Copy each line below in which the string "rule" appears.
─── Source material ───
text \<open>First-exit argument: at the first time \<open>V\<close> reached \<open>(V 0 + \<epsilon>) / 2\<close> it would already have
  decayed below \<open>V 0\<close>, so \<open>V\<close> stays below \<open>\<epsilon>\<close>.\<close>
lemma lyapunov_exp_decay:
  fixes V V' :: "real \<Rightarrow> real"
  assumes contV: "continuous_on {0..T} V"
    and derV: "\<And>t. 0 < t \<Longrightarrow> t < T \<Longrightarrow> V t < \<epsilon> \<Longrightarrow>
                 (V has_real_derivative V' t) (at t) \<and> V' t \<le> - a * V t"
    and V0: "0 \<le> V 0" "V 0 < \<epsilon>" and a: "a \<ge> 0"
  shows "\<forall>t\<in>{0..T}. V t \<le> V 0 * exp (- a * t)"
proof -
  have below: "V t < \<epsilon>" if t: "t \<in> {0..T}" for t
  proof (rule ccontr)
    assume "\<not> V t < \<epsilon>"
    define c where "c = (V 0 + \<epsilon>) / 2"
    have c: "V 0 < c" "c < \<epsilon>" using V0 unfolding c_def by auto
    define S where "S = {0..t} \<inter> V -` {c..}"
    have "closed S" unfolding S_def
      by (intro continuous_closed_preimage continuous_on_subset[OF contV]) (use t in auto)
    moreover have "t \<in> S" using \<open>\<not> V t < \<epsilon>\<close> c t unfolding S_def by auto
    moreover have bdd: "bdd_below S" unfolding S_def by (auto intro: bdd_belowI[of _ 0])
    ultimately have "Inf S \<in> S" using closed_contains_Inf by blast
    define t1 where "t1 = Inf S"
    have t1: "0 \<le> t1" "t1 \<le> t" "c \<le> V t1" using \<open>Inf S \<in> S\<close> unfolding S_def t1_def by auto
    with c have "0 < t1" by (cases "t1 = 0") auto
    have "V u < \<epsilon>" if "0 < u" "u < t1" for u
    proof -
      have "u \<notin> S" using that cInf_lower[OF _ bdd, of u] unfolding t1_def by force
      then show ?thesis using that t1 c unfolding S_def by auto
    qed
    then have "V t1 \<le> V 0 * exp (- a * t1)"
      using exp_decay_until_exit[OF contV derV \<open>0 < t1\<close>] t1 t by auto
    also have "\<dots> \<le> V 0" using V0 a t1 by (simp add: mult_left_le)
    finally show False using t1 c by auto
  qed
  show ?thesis
  proof
    fix t assume t: "t \<in> {0..T}"
    show "V t \<le> V 0 * exp (- a * t)"
    proof (cases "t = 0")
      case False
      show ?thesis by (rule exp_decay_until_exit[where \<epsilon>=\<epsilon>, OF contV derV]) (use t below False in auto)
    qed simp
  qed
qed
lemma set_integrable_Re_mult_cnj:
  assumes "L2_on A f" "L2_on A g"
  shows "set_integrable lborel A (\<lambda>t. Re (f t * cnj (g t)))"
proof -
  have bound: "norm (Re (f t * cnj (g t))) \<le> norm ((cmod (f t))\<^sup>2 + (cmod (g t))\<^sup>2)" for t
    using abs_Re_mult_cnj_le[of "f t" "g t"] by simp
  have "set_integrable lborel A (\<lambda>t. (cmod (f t))\<^sup>2 + (cmod (g t))\<^sup>2)"
    using assms unfolding L2_on_def by auto
  then show ?thesis
    by (rule set_integrable_bound[OF _ set_borel_measurable_Re_mult_cnj])
       (use assms bound in \<open>auto simp: L2_on_def\<close>)
qed

lemma L2_norm_sq_nonneg: "L2_norm_sq T u \<ge> 0"
  unfolding L2_norm_sq_def set_lebesgue_integral_def
  by (rule integral_nonneg_AE) (auto split: split_indicator)

lemma set_integral_lincomb:
  fixes f g :: "'a \<Rightarrow> complex"
  assumes "set_integrable M A f" "set_integrable M A g"
  shows "(LINT t:A|M. a * f t + b * g t) = a * (LINT t:A|M. f t) + b * (LINT t:A|M. g t)"
  using assms by simp

definition delay_rhs ::
  "(real \<Rightarrow> complex) \<Rightarrow> (real \<Rightarrow> complex) \<Rightarrow> (real \<Rightarrow> complex) \<Rightarrow> real \<Rightarrow> complex" where
  "delay_rhs \<phi> x u s = x (s - 1) + (LINT \<tau>:{-1<..<0}|lborel. x (s + \<tau>) * \<phi> \<tau>) + u s"

lemma is_solution_iff_delay_rhs:
  "is_solution \<phi> T \<xi> x0 u x \<longleftrightarrow>
     (\<forall>t\<in>{-1<..<0}. x t = x0 t) \<and>
     (\<forall>s\<in>{0..T}. set_integrable lborel {-1<..<0} (\<lambda>\<tau>. x (s + \<tau>) * \<phi> \<tau>)) \<and>
     set_integrable lborel {0..T} (delay_rhs \<phi> x u) \<and>
     (\<forall>t\<in>{0..T}. x t = \<xi> + (LINT s:{0..t}|lborel. delay_rhs \<phi> x u s))"
  unfolding is_solution_def delay_rhs_def ..

lemma delay_rhs_lincomb:
  assumes "set_integrable lborel {-1<..<0} (\<lambda>\<tau>. x (s + \<tau>) * \<phi> \<tau>)"
    and "set_integrable lborel {-1<..<0} (\<lambda>\<tau>. y (s + \<tau>) * \<phi> \<tau>)"
  shows "delay_rhs \<phi> (\<lambda>t. a * x t + b * y t) (\<lambda>t. a * u t + b * v t) s =
         a * delay_rhs \<phi> x u s + b * delay_rhs \<phi> y v s"
proof -
  have "(LINT \<tau>:{-1<..<0}|lborel. (a * x (s + \<tau>) + b * y (s + \<tau>)) * \<phi> \<tau>) =
        (LINT \<tau>:{-1<..<0}|lborel. a * (x (s + \<tau>) * \<phi> \<tau>) + b * (y (s + \<tau>) * \<phi> \<tau>))"
    by (simp add: algebra_simps)
  also have "\<dots> = a * (LINT \<tau>:{-1<..<0}|lborel. x (s + \<tau>) * \<phi> \<tau>) +
                  b * (LINT \<tau>:{-1<..<0}|lborel. y (s + \<tau>) * \<phi> \<tau>)"
    using assms by (rule set_integral_lincomb)
  finally show ?thesis
    unfolding delay_rhs_def by (simp add: algebra_simps)
qed

lemma is_solution_lincomb:
  assumes x: "is_solution \<phi> T \<xi> x0 u x" and y: "is_solution \<phi> T \<eta> y0 v y"
  shows "is_solution \<phi> T (a * \<xi> + b * \<eta>) (\<lambda>t. a * x0 t + b * y0 t) (\<lambda>t. a * u t + b * v t)
           (\<lambda>t. a * x t + b * y t)"
proof -
  note x' = x[unfolded is_solution_iff_delay_rhs] and y' = y[unfolded is_solution_iff_delay_rhs]
  have kernel: "set_integrable lborel {-1<..<0} (\<lambda>\<tau>. (a * x (s + \<tau>) + b * y (s + \<tau>)) * \<phi> \<tau>)"
    if "s \<in> {0..T}" for s
  proof -
    have "set_integrable lborel {-1<..<0} (\<lambda>\<tau>. a * (x (s + \<tau>) * \<phi> \<tau>) + b * (y (s + \<tau>) * \<phi> \<tau>))"
      using x' y' that by auto
    then show ?thesis
      by (simp add: algebra_simps)
  qed
  have rhs: "delay_rhs \<phi> (\<lambda>t. a * x t + b * y t) (\<lambda>t. a * u t + b * v t) s =
             a * delay_rhs \<phi> x u s + b * delay_rhs \<phi> y v s" if "s \<in> {0..T}" for s
    using x' y' that by (intro delay_rhs_lincomb) auto
  have "set_integrable lborel {0..T} (\<lambda>s. a * delay_rhs \<phi> x u s + b * delay_rhs \<phi> y v s)"
    using x' y' by auto
  moreover have "set_integrable lborel {0..T} (delay_rhs \<phi> (\<lambda>t. a * x t + b * y t) (\<lambda>t. a * u t + b * v t))
      \<longleftrightarrow> set_integrable lborel {0..T} (\<lambda>s. a * delay_rhs \<phi> x u s + b * delay_rhs \<phi> y v s)"
    by (rule set_integrable_cong) (simp_all add: rhs)
  ultimately have rhs_integrable:
    "set_integrable lborel {0..T} (delay_rhs \<phi> (\<lambda>t. a * x t + b * y t) (\<lambda>t. a * u t + b * v t))"
    by blast
  have integral_eq:
    "a * \<xi> + b * \<eta> + (LINT s:{0..t}|lborel. delay_rhs \<phi> (\<lambda>t. a * x t + b * y t) (\<lambda>t. a * u t + b * v t) s)
     = a * x t + b * y t" if t: "t \<in> {0..T}" for t
  proof -
    have sub: "{0..t} \<subseteq> {0..T}" using t by auto
    have "(LINT s:{0..t}|lborel. delay_rhs \<phi> (\<lambda>t. a * x t + b * y t) (\<lambda>t. a * u t + b * v t) s) =
          (LINT s:{0..t}|lborel. a * delay_rhs \<phi> x u s + b * delay_rhs \<phi> y v s)"
      by (rule set_lebesgue_integral_cong) (use rhs sub in auto)
    also have "\<dots> = a * (LINT s:{0..t}|lborel. delay_rhs \<phi> x u s) +
                    b * (LINT s:{0..t}|lborel. delay_rhs \<phi> y v s)"
      using x' y' sub by (intro set_integral_lincomb) (auto intro: set_integrable_subset)
    finally show ?thesis
      using x' y' t by (simp add: algebra_simps)
  qed
  show ?thesis
    unfolding is_solution_iff_delay_rhs
  proof (intro conjI ballI)
    show "a * x t + b * y t = a * x0 t + b * y0 t" if "t \<in> {-1<..<0}" for t
      using x' y' that by simp
    show "a * x t + b * y t = a * \<xi> + b * \<eta> +
      (LINT s:{0..t}|lborel. delay_rhs \<phi> (\<lambda>t. a * x t + b * y t) (\<lambda>t. a * u t + b * v t) s)"
      if "t \<in> {0..T}" for t
      using integral_eq[OF that] by simp
  qed (use kernel rhs_integrable in auto)
qed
───
■ **Task output**
  proof (rule ccontr)
      show ?thesis by (rule exp_decay_until_exit[where \<epsilon>=\<epsilon>, OF contV derV]) (use t below False in auto)
    by (rule set_integrable_bound[OF _ set_borel_measurable_Re_mult_cnj])
  by (rule integral_nonneg_AE) (auto split: split_indicator)
    using assms by (rule set_integral_lincomb)
    by (rule set_integrable_cong) (simp_all add: rhs)
      by (rule set_lebesgue_integral_cong) (use rhs sub in auto)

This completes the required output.